BY TOMOEH MURAKAMI TSE
STAFF WRITER
September 9, 2005, 7:40 PM EDT
Workers at East Buffet & Restaurant in Huntington Station
have filed a federal lawsuit against their employer, saying they
worked 65-hour weeks for as little as $1 per hour and without
overtime pay. They contend managers kept most of the tips left
for waiters and other service personnel.
"They don't even want to negotiate with us," said Michael
Chu, 50. He said management stopped distributing tips after workers
last month protested the firing of a colleague and tried to unionize.
Chu was one of about two dozen workers and their supporters protesting
Friday outside the Route 110 eatery.
"Can you believe [workers make] $1 an hour in wages here
in America?" he said.
Susan Kong, a co-owner, denied all allegations. The workers,
she said, had been paid $3.85 an hour, plus overtime, and tips,
and took home about $2,000 each month. Kong said the dispute stemmed
from waiters and busboys not wanting to share the tips with service
station workers, whose chores include slicing meat and making
sushi.
"They all are lying. They want the whole tip," she
said. Workers divided the tips among themselves, she said, adding,
"This is a buffet restaurant. It's not an a la carte restaurant.
This is teamwork."
With protesters shouting "Boycott, boycott!" behind
him as customers streamed in, Kenneth Kimerling, legal director
of the Asian American Legal Defense and Education Fund, which
on behalf of the workers filed the lawsuit Thursday in the U.S.

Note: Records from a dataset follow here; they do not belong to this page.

(* Let $a>b>0$ and consider the ellipse $E:\ \frac{x^2}{a^2}+\frac{y^2}{b^2}=1$. For a point $A$ of the plane let $n(A)$ denote the number of points $B\in E$ such that $A$ lies on the normal line to $E$ at $B$. Put $$x_0=\sqrt{\frac{a^4(a^2-2b^2)^3}{(a^2-b^2)(a^2+b^2)^3}},\qquad y_0=\sqrt{\frac{b^4(2a^2-b^2)^3}{(a^2-b^2)(a^2+b^2)^3}}.$$ Then: (1) If $a^2>2b^2$, the four points $(\pm x_0,\pm y_0)$ (all sign combinations) lie on $E$ and divide $E$ into four arcs such that $n(A)=4$ for the points $A$ of some of these arcs and $n(A)=2$ for the points $A$ of the others. (2) If $a^2\le 2b^2$, then $n(A)=2$ for every point $A\in E$.
   Context: For $A\in E$ the point $B=A$ itself is counted in $n(A)$. The points $(\pm x_0,\pm y_0)$ are the intersection points of $E$ with the astroid $\sqrt[3]{a^2X^2}+\sqrt[3]{b^2Y^2}=\sqrt[3]{(a^2-b^2)^2}$ (the evolute of $E$). *)

theory Defs
  imports "HOL-Analysis.Analysis"
begin

definition ellipse :: "real \<Rightarrow> real \<Rightarrow> (real \<times> real) set" where
  "ellipse a b = {(x, y). x\<^sup>2 / a\<^sup>2 + y\<^sup>2 / b\<^sup>2 = 1}"

text \<open>Normal line to the ellipse at B: the line through B in the direction of the
  gradient (x/a^2, y/b^2) of the defining function at B.\<close>
definition normal_line :: "real \<Rightarrow> real \<Rightarrow> real \<times> real \<Rightarrow> (real \<times> real) set" where
  "normal_line a b B = {B + t *\<^sub>R (fst B / a\<^sup>2, snd B / b\<^sup>2) | t. True}"

text \<open>n(A): number of points B on the ellipse whose normal line passes through A
  (B = A itself is counted when A is on the ellipse).\<close>
definition num_normals :: "real \<Rightarrow> real \<Rightarrow> real \<times> real \<Rightarrow> nat" where
  "num_normals a b A = card {B \<in> ellipse a b. A \<in> normal_line a b B}"

end

theory Submission
  imports Defs "HOL-Library.Quadratic_Discriminant" "HOL-Real_Asymp.Real_Asymp"
begin

text \<open>
  Write a point A of the ellipse as (a P, b Q) with P^2 + Q^2 = 1. Scaling the rational
  parametrisation t -> (P + iQ)(t + i)/(t - i) of the unit circle, which omits only (P, Q),
  gives a bijection from the real line onto the ellipse minus A. The point A lies on the normal
  at the point with parameter t iff t is a root of an explicit real cubic, so n(A) is one more
  than the number of real roots. The discriminant of the cubic is
  4 ((a^2 - b^2) (a^2 + b^2)^3 Q^2 - b^2 (2 a^2 - b^2)^3): it is positive (three roots, n(A) = 4)
  when |y_A| > y0 and negative (one root, n(A) = 2) when |y_A| < y0. The identity
  a^2 (a^2 - 2 b^2)^3 + b^2 (2 a^2 - b^2)^3 = (a^2 - b^2) (a^2 + b^2)^3 shows that the points
  (+-x0, +-y0) lie on the ellipse when a^2 > 2 b^2, cutting it into the arcs |y| > y0 and
  |x| > x0, and that y0 >= b when a^2 <= 2 b^2.
\<close>

section \<open>Real roots of a cubic\<close>

definition cubic_roots :: "real \<Rightarrow> real \<Rightarrow> real \<Rightarrow> real \<Rightarrow> real set" where
  "cubic_roots c3 c2 c1 c0 = {t. c3 * t^3 + c2 * t\<^sup>2 + c1 * t + c0 = 0}"

definition cubic_discrim :: "real \<Rightarrow> real \<Rightarrow> real \<Rightarrow> real \<Rightarrow> real" where
  "cubic_discrim c3 c2 c1 c0 =
     c2\<^sup>2 * c1\<^sup>2 - 4 * c3 * c1^3 - 4 * c2^3 * c0 - 27 * c3\<^sup>2 * c0\<^sup>2 + 18 * c3 * c2 * c1 * c0"

lemma monic_cubic_has_root: "\<exists>t::real. t^3 + c2 * t\<^sup>2 + c1 * t + c0 = 0"
proof -
  let ?f = "\<lambda>t::real. t^3 + c2 * t\<^sup>2 + c1 * t + c0"
  have "eventually (\<lambda>t. ?f t < 0) at_bot" "eventually (\<lambda>t. 0 < ?f t) at_top"
    by real_asymp+
  then obtain u v where "?f u < 0" "u \<le> 0" "0 < ?f v" "0 \<le> v"
    unfolding eventually_at_bot_linorder eventually_at_top_linorder
    by (metis min.cobounded1 min.cobounded2 max.cobounded1 max.cobounded2)
  moreover have "continuous_on {u..v} ?f"
    by (intro continuous_intros)
  ultimately show ?thesis
    using IVT'[of ?f u 0 v] by force
qed

lemma cubic_roots_nonempty:
  assumes "c3 \<noteq> 0"
  shows "cubic_roots c3 c2 c1 c0 \<noteq> {}"
proof -
  obtain t where "t^3 + (c2 / c3) * t\<^sup>2 + (c1 / c3) * t + c0 / c3 = 0"
    using monic_cubic_has_root by blast
  then have "c3 * t^3 + c2 * t\<^sup>2 + c1 * t + c0 = 0"
    using assms by (simp add: field_simps)
  then show ?thesis
    unfolding cubic_roots_def by blast
qed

District Court for the Eastern District of New York, said management
distributed about $5,000 in tips weekly.
Workers said customers left them about $15,000 a week in tips.
"The law is very clear that the tips belong to the workers,"

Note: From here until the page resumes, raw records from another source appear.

text \<open>Off \<open>{k, k + t}\<close> the eigen-equations force \<open>x\<close> to be constant, \<open>c\<^sub>1\<close> on the clique and
  \<open>c\<^sub>2\<close> on the independent set, and eliminating \<open>c\<^sub>2\<close> leaves \<open>c\<^sub>1 \<mu> (\<mu> - k - t) = 0\<close>.\<close>
lemma split1_laplacian_eigenvalues:
  fixes x :: "nat \<Rightarrow> real"
  assumes k: "k > 0" and t: "t > 0" and nz: "i0 < k+t" "x i0 \<noteq> 0"
    and eq: "\<And>i. i < k+t \<Longrightarrow> (\<Sum>j<k+t. laplacian (k+t) (split_adj k t 1) $$ (i,j) * x j) = \<mu> * x i"
  shows "\<mu> = 0 \<or> \<mu> = real k \<or> \<mu> = real k + real t"
proof (rule ccontr)
  assume "\<not> ?thesis"
  then have m0: "\<mu> \<noteq> 0" and mk: "real k - \<mu> \<noteq> 0" and mn: "real k + real t - \<mu> \<noteq> 0" by auto
  define T where "T = (\<Sum>j<k+t. x j)"
  define \<sigma> where "\<sigma> = (\<Sum>j<k. x j)"
  define c1 where "c1 = T / (real k + real t - \<mu>)"
  define c2 where "c2 = \<sigma> / (real k - \<mu>)"
  have xS: "x u = c1" if u: "u < k" for u
  proof -
    have "(real k + real t) * x u - T = \<mu> * x u"
      using eq[of u] split1_laplacian_clique_row[OF k t u, of x] u unfolding T_def by simp
    then show ?thesis unfolding c1_def using mn by (simp add: field_simps)
  qed
  have xA: "x u = c2" if u: "k \<le> u" "u < k+t" for u
  proof -
    have "real k * x u - \<sigma> = \<mu> * x u"
      using eq[of u] split1_laplacian_independent_row[OF k t u, of x] u unfolding \<sigma>_def by simp
    then show ?thesis unfolding c2_def using mk by (simp add: field_simps)
  qed
  have s1: "\<sigma> = real k * c1" unfolding \<sigma>_def using xS by simp
  have "(\<Sum>j\<in>{k..<k+t}. x j) = real t * c2" by (rule sum_interval_const) (use xA in auto)
  then have "T = real k * c1 + real t * c2"
    unfolding T_def sum_lessThan_add_split s1[unfolded \<sigma>_def] by simp
  then have e1: "(real k + real t - \<mu>) * c1 = real k * c1 + real t * c2"
    unfolding c1_def using mn by simp
  have e2: "(real k - \<mu>) * c2 = real k * c1" unfolding c2_def using s1 mk by simp
  have e1': "real t * c2 = (real t - \<mu>) * c1" using e1 by (simp add: algebra_simps)
  have "c1 * (\<mu> * (\<mu> - real k - real t)) = (real k - \<mu>) * ((real t - \<mu>) * c1) - real t * (real k * c1)"
    by (simp add: algebra_simps)
  also have "\<dots> = (real k - \<mu>) * (real t * c2) - real t * (real k * c1)" by (simp only: e1')
  also have "\<dots> = real t * ((real k - \<mu>) * c2 - real k * c1)" by (simp add: algebra_simps)
  also have "\<dots> = 0" using e2 by simp
  finally have "c1 = 0" using m0 mn by auto
  moreover then have "c2 = 0" using e2 mk by simp
  ultimately show False using xS xA nz by (cases "i0 < k") auto
qed

lemma split1_laplacian_eigenvalue_k:
  assumes k: "k > 0" and t: "t \<ge> 2"
  shows "eigenvalue (laplacian (k+t) (split_adj k t 1)) (real k)"
proof -
  define x :: "nat \<Rightarrow> real" where "x j = (if j = k then 1 else if j = k+1 then -1 else 0)" for j
  have "(\<Sum>j<k+t. x j) = (\<Sum>j<k+t. (if j = k then 1 else 0) + (if j = k+1 then -1 else 0))"
    by (rule sum.cong) (auto simp: x_def)
  then have T: "(\<Sum>j<k+t. x j) = 0" using t by (simp add: sum.distrib)
  have sg: "(\<Sum>j<k. x j) = 0" by (rule sum.neutral) (auto simp: x_def)
  show ?thesis
  proof (rule eigenvalueI_fun[OF laplacian_carrier, of k])
    show "k < k+t" "x k \<noteq> 0" using t by (auto simp: x_def)
    fix i assume i: "i < k+t"
    show "(\<Sum>j<k+t. laplacian (k+t) (split_adj k t 1) $$ (i,j) * x j) = real k * x i"
    proof (cases "i < k")
      case True
      then show ?thesis using split1_laplacian_clique_row[OF k _ True, of t x] T t by (simp add: x_def)
    next
      case False
      then show ?thesis using split1_laplacian_independent_row[OF k _ _ i, of x] sg t by simp
    qed
  qed
qed

lemma split1_laplacian_kernel:
  fixes x :: "nat \<Rightarrow> real"
  assumes k: "k > 0" and t: "t > 0" and x0: "x 0 = 0"
    and eq: "\<And>i. i < k+t \<Longrightarrow> (\<Sum>j<k+t. laplacian (k+t) (split_adj k t 1) $$ (i,j) * x j) = c"
  shows "\<forall>i<k+t. x i = 0"
proof -
  define T where "T = (\<Sum>j<k+t. x j)"
  have S: "(real k + real t) * x u - T = c" if u: "u < k" for u
    using eq[of u] split1_laplacian_clique_row[OF k t u, of x] u unfolding T_def by simp
  then have cT: "c = - T" using k x0 by fastforce
  have xS: "x u = 0" if u: "u < k" for u
    using S[OF u] cT k by simp
  then have sig: "(\<Sum>j<k. x j) = 0" by simp
  have xA: "x u = - T / real k" if u: "k \<le> u" "u < k+t" for u
    using eq[of u] split1_laplacian_independent_row[OF k t u, of x] u sig cT k
    by (simp add: field_simps)
  have "(\<Sum>j\<in>{k..<k+t}. x j) = real t * (- T / real k)" by (rule sum_interval_const) (use xA in auto)
  then have "T * (real k + real t) = 0"
    using sig k unfolding T_def sum_lessThan_add_split by (simp add: field_simps)
  then have "T = 0" using k by simp
  then show ?thesis using xS xA by (metis div_0 minus_zero not_le)
qed

lemma split1_order_zero_char_poly:
  assumes k: "k > 0" and t: "t > 0"
  shows "order 0 (char_poly (laplacian (k+t) (split_adj k t 1))) = 1"
  by (rule order_zero_char_poly_eq_1[OF laplacian_carrier])
    (use k laplacian_row_sum split_adj_irrefl split1_laplacian_kernel[OF k t] in auto)

section \<open>Algebraic connectivity\<close>

lemma sorted_nth_1_eq:
  fixes xs :: "real list"
  assumes so: "sorted xs" and c0: "count (mset xs) 0 = 1" and kin: "\<kappa> \<in> set xs" and kp: "\<kappa> > 0"
    and al: "\<forall>y\<in>set xs. y = 0 \<or> y \<ge> \<kappa>"
  shows "xs ! 1 = \<kappa>"
proof (cases xs)
  case (Cons a ys)
  have z: "0 \<in> set xs" using c0 by (metis count_eq_zero_iff set_mset_mset zero_neq_one)
  have a_le: "\<forall>y\<in>set ys. a \<le> y" and soy: "sorted ys" using so Cons by auto
  then have "a \<le> 0" using z Cons by auto
  then have a0: "a = 0" using al Cons kp by force
  then have "count (mset ys) 0 = 0" using c0 Cons by simp
  then have z2: "0 \<notin> set ys" by (metis count_eq_zero_iff set_mset_mset)
  have "\<kappa> \<in> set ys" using kin Cons a0 kp by auto
  then obtain b zs where ys: "ys = b # zs" by (cases ys) auto
  have "b \<le> \<kappa>" using soy \<open>\<kappa> \<in> set ys\<close> ys by auto
  moreover have "b \<ge> \<kappa>" using al Cons ys z2 by auto
  ultimately show ?thesis using Cons ys by simp
qed (use kin in simp)

lemma sorted_nth_1_le:
  fixes xs :: "real list"
  assumes so: "sorted xs" and z: "0 \<in> set xs" and m: "\<mu> \<in> set xs" and mp: "\<mu> > 0"
  shows "xs ! 1 \<le> \<mu>"
proof (cases xs)
  case (Cons a ys)
  have "\<exists>w\<in>set ys. w \<le> \<mu>"
  proof (rule ccontr)
    assume "\<not> ?thesis"
    then have "0 = a" "\<mu> = a" using z m mp Cons by force+
    then show False using mp by simp
  qed
  then obtain w b zs where w: "w \<in> set ys" "w \<le> \<mu>" and ys: "ys = b # zs"
    by (metis list.set_cases)
  then have "b \<le> w" using so Cons by auto
  then show ?thesis using Cons ys w by simp
qed (use z in simp)

lemma algebraic_connectivity_le_eigenvalue:
  assumes "0 < n" and "\<And>v. \<not> adj v v" and "eigenvalue (laplacian n adj) \<mu>" and "\<mu> > 0"
  shows "algebraic_connectivity n adj \<le> \<mu>"
proof -
  let ?xs = "laplacian_eigenvalues n adj"
  have "sorted ?xs" by (simp add: laplacian_eigenvalues_def)
  moreover have "0 \<in> set ?xs" "\<mu> \<in> set ?xs"
    using assms laplacian_eigenvalue_zero unfolding laplacian_eigenvalues_set by auto
  ultimately show ?thesis
    unfolding algebraic_connectivity_def using sorted_nth_1_le \<open>\<mu> > 0\<close> by blast
qed

lemma algebraic_connectivity_eqI:
  assumes "order 0 (char_poly (laplacian n adj)) = 1"
    and "eigenvalue (laplacian n adj) \<kappa>" and "\<kappa> > 0"
    and "\<And>\<mu>. eigenvalue (laplacian n adj) \<mu> \<Longrightarrow> \<mu> = 0 \<or> \<kappa> \<le> \<mu>"
  shows "algebraic_connectivity n adj = \<kappa>"
proof -
  let ?xs = "laplacian_eigenvalues n adj"
  have "char_poly (laplacian n adj) \<noteq> 0"
    using degree_monic_char_poly[OF laplacian_carrier[of n adj]] by auto
  then have "count (mset ?xs) 0 = 1" using assms(1) by (simp add: laplacian_eigenvalues_def)
  moreover have "sorted ?xs" by (simp add: laplacian_eigenvalues_def)
  moreover have "\<kappa> \<in> set ?xs" using assms(2) by (simp add: laplacian_eigenvalues_set)
  moreover have "\<forall>y\<in>set ?xs. y = 0 \<or> y \<ge> \<kappa>" using assms(4) by (simp add: laplacian_eigenvalues_set)
  ultimately show ?thesis
    unfolding algebraic_connectivity_def using sorted_nth_1_eq \<open>\<kappa> > 0\<close> by blast
qed

lemma algebraic_connectivity_split1:
  assumes k: "k > 0" and t: "t \<ge> 2"
  shows "algebraic_connectivity (k+t) (split_adj k t 1) = real k"
proof (rule algebraic_connectivity_eqI)
  have t0: "t > 0" using t by simp
  show "order 0 (char_poly (laplacian (k+t) (split_adj k t 1))) = 1"
    by (rule split1_order_zero_char_poly[OF k t0])
  show "eigenvalue (laplacian (k+t) (split_adj k t 1)) (real k)"
    by (rule split1_laplacian_eigenvalue_k[OF k t])
  fix \<mu> assume ev: "eigenvalue (laplacian (k+t) (split_adj k t 1)) \<mu>"
  obtain i0 x where "i0 < k+t" "x i0 \<noteq> 0"
    "\<And>i. i < k+t \<Longrightarrow> (\<Sum>j<k+t. laplacian (k+t) (split_adj k t 1) $$ (i,j) * x j) = \<mu> * x i"
    by (rule eigenvalueE_fun[OF laplacian_carrier ev]) blast
  then have "\<mu> = 0 \<or> \<mu> = real k \<or> \<mu> = real k + real t" by (rule split1_laplacian_eigenvalues[OF k t0])
  then show "\<mu> = 0 \<or> real k \<le> \<mu>" by auto
qed (use k in simp)

lemma algebraic_connectivity_split_less:
  assumes k: "k > 0" and t: "t > 0" and r: "r \<ge> 2"
  shows "algebraic_connectivity (r*(k+t)) (split_adj k t r) < real k"
proof -
  obtain \<mu> where \<mu>: "0 < \<mu>" "\<mu> < real k" "eigenvalue (laplacian (r*(k+t)) (split_adj k t r)) \<mu>"
    by (rule split_laplacian_eigenvalue_below_k[OF k t r])
  have "algebraic_connectivity (r*(k+t)) (split_adj k t r) \<le> \<mu>"
    by (rule algebraic_connectivity_le_eigenvalue) (use \<mu> k r split_adj_irrefl in auto)
  with \<mu> show ?thesis by simp
qed

theorem mainTheorem8:
  fixes k t r :: nat
  assumes "k \<ge> 1" and "t \<ge> 1" and "r \<ge> 1"
  shows "(r = 1 \<and> t \<ge> 2 \<longrightarrow>
            algebraic_connectivity (split_n k t r) (split_adj k t r)
              = real (vertex_connectivity (split_n k t r) (split_adj k t r)))
       \<and> (r \<ge> 2 \<longrightarrow>
            algebraic_connectivity (split_n k t r) (split_adj k t r)
              \<noteq> real (vertex_connectivity (split_n k t r) (split_adj k t r)))"
proof (intro conjI impI)
  have k: "k > 0" and t: "t > 0" using assms by auto
  assume "r = 1 \<and> t \<ge> 2"
  then have "r = 1" "t \<ge> 2" by auto
  then show "algebraic_connectivity (split_n k t r) (split_adj k t r)
      = real (vertex_connectivity (split_n k t r) (split_adj k t r))"
    using algebraic_connectivity_split1[OF k] vertex_connectivity_split[OF k t, of 1]
    unfolding split_n_def by simp
next
  have k: "k > 0" and t: "t > 0" using assms by auto
  assume r: "r \<ge> 2"
  then show "algebraic_connectivity (split_n k t r) (split_adj k t r)
      \<noteq> real (vertex_connectivity (split_n k t r) (split_adj k t r))"
    using algebraic_connectivity_split_less[OF k t r] vertex_connectivity_split[OF k t]
    unfolding split_n_def by simp
qed

end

he said.An attorney representing East said he could not comment
on a lawsuit he
has not seen. The lawsuit states most workers were paid in checks
and cash, and that checks to busboys showed they received $66
a week, or about $1 an hour.
Kong scoffed at the figures, saying the protesters would not
have stayed for such little pay. To make things fairer and easier,
she said, the restaurant now pays workers an hourly wage of $13.
A sign Friday
alerted customers that a 12 percent surcharge would be added to
their bills, but tips were unnecessary.